There is absolutely no way to directly control what does or does not display in the context menu that the browser provides. There is no way to control some of the actions that people can take in the context menu, such as preventing the fullscreen display of the video, if you don’t want it played fullscreen.

If you’re providing custom controls for the video, you have to account for the fact that the video playback is being managed by the context menu as well as your controls. One of my examples in the book provides a video playback control that consists of separate buttons for play, pause, and stop. These controls are disabled based on what action the user takes. It seems like a simple act to just disable and enable the appropriate buttons at the same time you play or pause the video, but you actually have to capture two sets of events: the click events from the buttons, and the play and pause event from the video.

Of course, the amount of extra code to do something like enable and disable buttons based on playback is trivial. But what isn’t trivial is controlling which options are made available to the user. If, for whatever reason, you don’t want the video to be played fullscreen, there is absolutely no way to prevent this from happening with Firefox.

The only way to prevent the context menu from displaying for the video is to provide a transparent div overlay for the video, so that the context menu reflects the div element, not the video. That or turn the video element’s display off, and play the video by redrawing it into a canvas element—a case of overkill, just to be able to control video playback.

The conflict between the context menu and customization isn’t the only web developer/author restriction.

There are the times when the web page author wants the audio or video to begin automatically when the page loads. The media elements do provide attributes for this: autoplay and loop. To ensure automatic playback, the author removes the controls attribute, adds autoplay and possibly loop, and when the page loads, the media element begins playing. The web page author can also remove the audio element completely from display so all that’s left is the sound. The video element is, of course, left displayed, but the control UI should not be showing. We can’t control the context menu options, but at least the control UI isn’t displaying. Well, not unless scripting is disabled, that is.

If the user has scripting disabled, the control UI is automatically re-displayed with the media element—even if you don’t want it to be displayed. If scripting is disabled, you cannot control the visibility of the control UI. According to the HTML5 specification:

If the attribute is present, or if scripting is disabled for the media element, then the user agent should expose a user interface to the user.

I’ve been told by members of the HTML WG that “should” in this context is equivalent to “must”. The two terms are not the same, but I gather that they become one in HTML5 land.

Currently, only Opera provides a visual control UI when scripting is disabled. Firefox doesn’t display a visual control UI when scripting is disabled regardless of whether the controls attribute is present or not. Safari, Chrome, and IE currently do not display the control UI. If “should” is equivalent to “must”, then Firefox, Safari, Chrome, and IE are all in error in their handling of disabled scripting and the media elements. I imagine bugs will be filed, if they haven’t already been filed, and these browsers will also automatically add the control UI when scripting is disabled.

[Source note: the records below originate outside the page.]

lemma nn_integral_riesz_weight_le:
  fixes F :: "'a::euclidean_space \<Rightarrow> real"
  assumes [measurable]: "F \<in> borel_measurable borel"
    and F: "\<And>w. 0 \<le> F w" "\<And>w. F w \<le> Linf" "(\<integral>\<^sup>+w. ennreal (F w) \<partial>lborel) \<le> ennreal L1"
    and I: "(\<integral>\<^sup>+u. ennreal (indicator (ball (0::'a) 1) u * norm u powr (-\<alpha>)) \<partial>lborel) \<le> ennreal I"
    and r: "0 < r" and \<alpha>: "0 < \<alpha>" and nonneg: "0 \<le> L1" "0 \<le> I"
  shows "(\<integral>\<^sup>+w. ennreal (F w * (norm (w - z) powr (-\<alpha>) + 1)) \<partial>lborel)
     \<le> ennreal ((r powr (-\<alpha>) + 1) * L1 + Linf * (r powr (-\<alpha>) * r ^ DIM('a) * I))"
proof -
  define R where "R w = ennreal (indicator (ball z r) w * norm (w - z) powr (-\<alpha>))" for w
  have [measurable]: "R \<in> borel_measurable borel"
    unfolding R_def
    by (intro measurable_compose[OF _ measurable_ennreal] borel_measurable_times
        borel_measurable_indicator measurable_compose[OF _ borel_measurable_norm_powr]
        borel_measurable_diff measurable_ident_sets measurable_const) (simp_all add: borel_open)
  have N: "0 \<le> Linf" using F(1,2) order_trans by blast
  have "(\<integral>\<^sup>+w. ennreal (F w * (norm (w - z) powr (-\<alpha>) + 1)) \<partial>lborel)
      \<le> (\<integral>\<^sup>+w. ennreal (r powr (-\<alpha>) + 1) * ennreal (F w) + ennreal Linf * R w \<partial>lborel)"
  proof (intro nn_integral_mono)
    fix w
    have "ennreal (F w * (norm (w - z) powr (-\<alpha>) + 1))
        \<le> ennreal ((r powr (-\<alpha>) + 1) * F w + Linf * (indicator (ball z r) w * norm (w - z) powr (-\<alpha>)))"
      using F r \<alpha> by (intro ennreal_leI riesz_weight_split)
    also have "\<dots> = ennreal (r powr (-\<alpha>) + 1) * ennreal (F w) + ennreal Linf * R w"
      unfolding R_def using F N by (simp add: ennreal_plus ennreal_mult)
    finally show "ennreal (F w * (norm (w - z) powr (-\<alpha>) + 1))
        \<le> ennreal (r powr (-\<alpha>) + 1) * ennreal (F w) + ennreal Linf * R w" .
  qed
  also have "\<dots> = ennreal (r powr (-\<alpha>) + 1) * (\<integral>\<^sup>+w. ennreal (F w) \<partial>lborel)
      + ennreal Linf * (\<integral>\<^sup>+w. R w \<partial>lborel)"
    by (simp add: nn_integral_add nn_integral_cmult)
  also have "\<dots> \<le> ennreal (r powr (-\<alpha>) + 1) * ennreal L1
      + ennreal Linf * (ennreal (r powr (-\<alpha>) * r ^ DIM('a)) * ennreal I)"
    unfolding R_def nn_integral_ball_norm_powr_rescale[OF r]
    by (intro add_mono mult_left_mono F(3) I) auto
  also have "\<dots> = ennreal ((r powr (-\<alpha>) + 1) * L1 + Linf * (r powr (-\<alpha>) * r ^ DIM('a) * I))"
    using N r nonneg by (simp add: ennreal_mult ennreal_plus)
  finally show ?thesis .
qed

lemma riesz_energy_le:
  fixes f F :: "'a::euclidean_space \<Rightarrow> real"
  assumes [measurable]: "F \<in> borel_measurable borel"
    and f: "\<And>w. \<bar>f w\<bar> \<le> F w"
    and F: "\<And>w. F w \<le> Linf" "(\<integral>\<^sup>+w. ennreal (F w) \<partial>lborel) \<le> ennreal L1"
    and I: "(\<integral>\<^sup>+u. ennreal (indicator (ball (0::'a) 1) u * norm u powr (-\<alpha>)) \<partial>lborel) \<le> ennreal I"
    and r: "0 < r" and \<alpha>: "0 < \<alpha>" and nonneg: "0 \<le> L1" "0 \<le> I"
  shows "riesz_energy \<alpha> f
     \<le> ennreal (L1 * ((r powr (-\<alpha>) + 1) * L1 + Linf * (r powr (-\<alpha>) * r ^ DIM('a) * I)))"
proof -
  define B where "B = (r powr (-\<alpha>) + 1) * L1 + Linf * (r powr (-\<alpha>) * r ^ DIM('a) * I)"
  have F0: "0 \<le> F w" for w
    using f[of w] by linarith
  have B0: "0 \<le> B"
    using order_trans[OF F0 F(1)] r nonneg unfolding B_def by simp
  have "(\<integral>\<^sup>+w. ennreal (\<bar>f w * f z\<bar> * (norm (w - z) powr (-\<alpha>) + 1)) \<partial>lborel)
      \<le> (\<integral>\<^sup>+w. ennreal (F z) * ennreal (F w * (norm (w - z) powr (-\<alpha>) + 1)) \<partial>lborel)" for z
  proof (intro nn_integral_mono)
    fix w
    have "\<bar>f w * f z\<bar> \<le> F z * F w"
      unfolding abs_mult using f F0 by (simp add: mult.commute mult_mono')
    then have "\<bar>f w * f z\<bar> * (norm (w - z) powr (-\<alpha>) + 1) \<le> F z * (F w * (norm (w - z) powr (-\<alpha>) + 1))"
      by (subst mult.assoc[symmetric]) (rule mult_right_mono, auto)
    then show "ennreal (\<bar>f w * f z\<bar> * (norm (w - z) powr (-\<alpha>) + 1))
        \<le> ennreal (F z) * ennreal (F w * (norm (w - z) powr (-\<alpha>) + 1))"
      using F0 by (simp add: ennreal_mult[symmetric] ennreal_leI)
  qed
  also have "\<dots> z \<le> ennreal (F z) * ennreal B" for z
    unfolding B_def
    by (simp add: nn_integral_cmult mult_left_mono nn_integral_riesz_weight_le F0 F I r \<alpha> nonneg)
  finally have "riesz_energy \<alpha> f \<le> (\<integral>\<^sup>+z. ennreal (F z) * ennreal B \<partial>lborel)"
    unfolding riesz_energy_def by (intro nn_integral_mono)
  also have "\<dots> \<le> ennreal L1 * ennreal B"
    by (simp add: nn_integral_multc mult_right_mono F(2))
  finally show ?thesis
    using nonneg B0 by (simp add: B_def ennreal_mult)
qed

lemma riesz_energy_le_scaled:
  fixes f F :: "'a::euclidean_space \<Rightarrow> real"
  assumes [measurable]: "F \<in> borel_measurable borel"
    and f: "\<And>w. \<bar>f w\<bar> \<le> F w"
    and F: "\<And>w. F w \<le> Binf * \<sigma> / sqrt t ^ (DIM('a) + 1)"
      "(\<integral>\<^sup>+w. ennreal (F w) \<partial>lborel) \<le> ennreal (B1 * \<sigma> / sqrt t)"
    and I: "(\<integral>\<^sup>+u. ennreal (indicator (ball (0::'a) 1) u * norm u powr (-\<alpha>)) \<partial>lborel) \<le> ennreal I"
    and t: "0 < t" "t \<le> K" and \<alpha>: "0 < \<alpha>" and nonneg: "0 \<le> \<sigma>" "0 \<le> B1" "0 \<le> I"
  shows "riesz_energy \<alpha> f
     \<le> ennreal (((1 + K powr (\<alpha>/2)) * B1\<^sup>2 + B1 * Binf * I) * t powr (-1 - \<alpha>/2) * \<sigma>\<^sup>2)"
proof -
  define u where "u = sqrt t"
  have u: "0 < u" "u\<^sup>2 = t"
    using t by (auto simp: u_def)
  define P where "P = u powr (-\<alpha>)"
  have P_eq: "P = t powr (-\<alpha>/2)"
    using t by (simp add: P_def u_def powr_half_sqrt[symmetric] powr_powr)
  have t_powr: "t powr (-1 - \<alpha>/2) = P / t"
  proof -
    have "t powr (-1 - \<alpha>/2) = t powr (-\<alpha>/2) * t powr (-1)"
      by (subst powr_add[symmetric]) (simp add: algebra_simps)
    then show ?thesis
      using t by (simp add: P_eq powr_minus_divide)
  qed
  have "t powr (\<alpha>/2) * P \<le> K powr (\<alpha>/2) * P"
    using t \<alpha> by (intro mult_right_mono powr_mono2) (auto simp: P_def)
  moreover have "t powr (\<alpha>/2) * P = 1"
    using t by (simp add: P_eq powr_add[symmetric])
  ultimately have "P + 1 \<le> (1 + K powr (\<alpha>/2)) * P"
    by (simp add: algebra_simps)
  then have "(P + 1) * B1\<^sup>2 \<le> (1 + K powr (\<alpha>/2)) * P * B1\<^sup>2"
    by (intro mult_right_mono) auto
  then have bound: "((P + 1) * B1\<^sup>2 + B1 * Binf * P * I) * (\<sigma>\<^sup>2 / t)
      \<le> ((1 + K powr (\<alpha>/2)) * B1\<^sup>2 + B1 * Binf * I) * P * (\<sigma>\<^sup>2 / t)"
    using t by (intro mult_right_mono) (simp_all add: algebra_simps)
  have "riesz_energy \<alpha> f \<le> ennreal (B1 * \<sigma> / u * ((P + 1) * (B1 * \<sigma> / u)
        + Binf * \<sigma> / u ^ (DIM('a) + 1) * (P * u ^ DIM('a) * I)))"
    unfolding P_def using F u nonneg by (intro riesz_energy_le[OF _ f _ _ I _ \<alpha>]) (auto simp: u_def)
  also have "B1 * \<sigma> / u * ((P + 1) * (B1 * \<sigma> / u)
        + Binf * \<sigma> / u ^ (DIM('a) + 1) * (P * u ^ DIM('a) * I))
      = ((P + 1) * B1\<^sup>2 + B1 * Binf * P * I) * (\<sigma>\<^sup>2 / t)"
    using u by (simp add: field_simps power2_eq_square)
  also have "\<dots> \<le> ((1 + K powr (\<alpha>/2)) * B1\<^sup>2 + B1 * Binf * I) * P * (\<sigma>\<^sup>2 / t)"
    by (fact bound)
  also have "\<dots> = ((1 + K powr (\<alpha>/2)) * B1\<^sup>2 + B1 * Binf * I) * t powr (-1 - \<alpha>/2) * \<sigma>\<^sup>2"
    unfolding t_powr by simp
  finally show ?thesis
    using ennreal_leI order_trans by blast
qed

I hear people cheering. You’re cheering, aren’t you? You’re all insanely happy with the power given the end user with the HTML5 video and audio elements.

Most of us remember those times when we opened a web page and some horrid music was blaring, or a video automatically plays with some idiot in a suit talking about his constipation. If we’re at work, we keep our machines permanently muted, lest something embarrassing blare out at an inopportune moment. If screen readers are not sophisticated enough to automatically lower background sound when a page is opened, the background sound competes badly with the reader.

Automatic audio, bad. Automatic video, bad.

I also imagine most of you have forgotten your visits to sites where you expected music or a video to play, and how much you enjoyed a well crafted multimedia experience.

Consider sites devoted to movies. Currently the last of the Harry Potter movies, the latest Transformer, and the new Spielberg Super 8 are playing in movie theaters. All three movies have their own web sites. If you open all three movie sites, you’ll find extensive use of both audio and video media.

The Harry Potter site opens with a preview of the movie with its own custom control that automatically starts playing as soon as it is sufficiently loaded. Among the options not provided with this video are the ability to open the movie out of context of the frame, such as opening the video in fullscreen. At most you can start or stop the video, choose a different video format, or skip the video and go to the site offerings.

The site offerings page has audio playing in the background. In addition, the bottom of the page features an animated video of owls. You can do nothing to stop either.

The Transformer movie site also provides background sound, as well as a video that begins to play automatically and loops continuously in the splash page. When you enter the site, another video plays continuously in the background of the page. Again, sound is used. There is very little about the site that is text-based: it’s all eye and ear candy.

The Super 8 movie site provides an automatically playing trailer with its own control. The page also has background audio when the trailer is finished. One of the sections of the site is the Editing Room. This page features a video playing automatically in an old 8mm style. Once this video if finished, rows of film are displayed. You can click a control that opens another video, again in super 8 style, providing a back story for the movie. You’re provided with controls to play the video and mute the sound.

None of these movie sites provide a context menu for their videos, other than what you would expect to see with a Flash movie. None of the sites allowed you to open the videos in fullscreen or play in a separate tab, because the videos are part of an integrated whole. The sites don’t allow you to switch off audio that I can see. I realize that automatically playing audio can be irritating for some, and can play havoc with screen readers, but again, none of this is unexpected for a movie site.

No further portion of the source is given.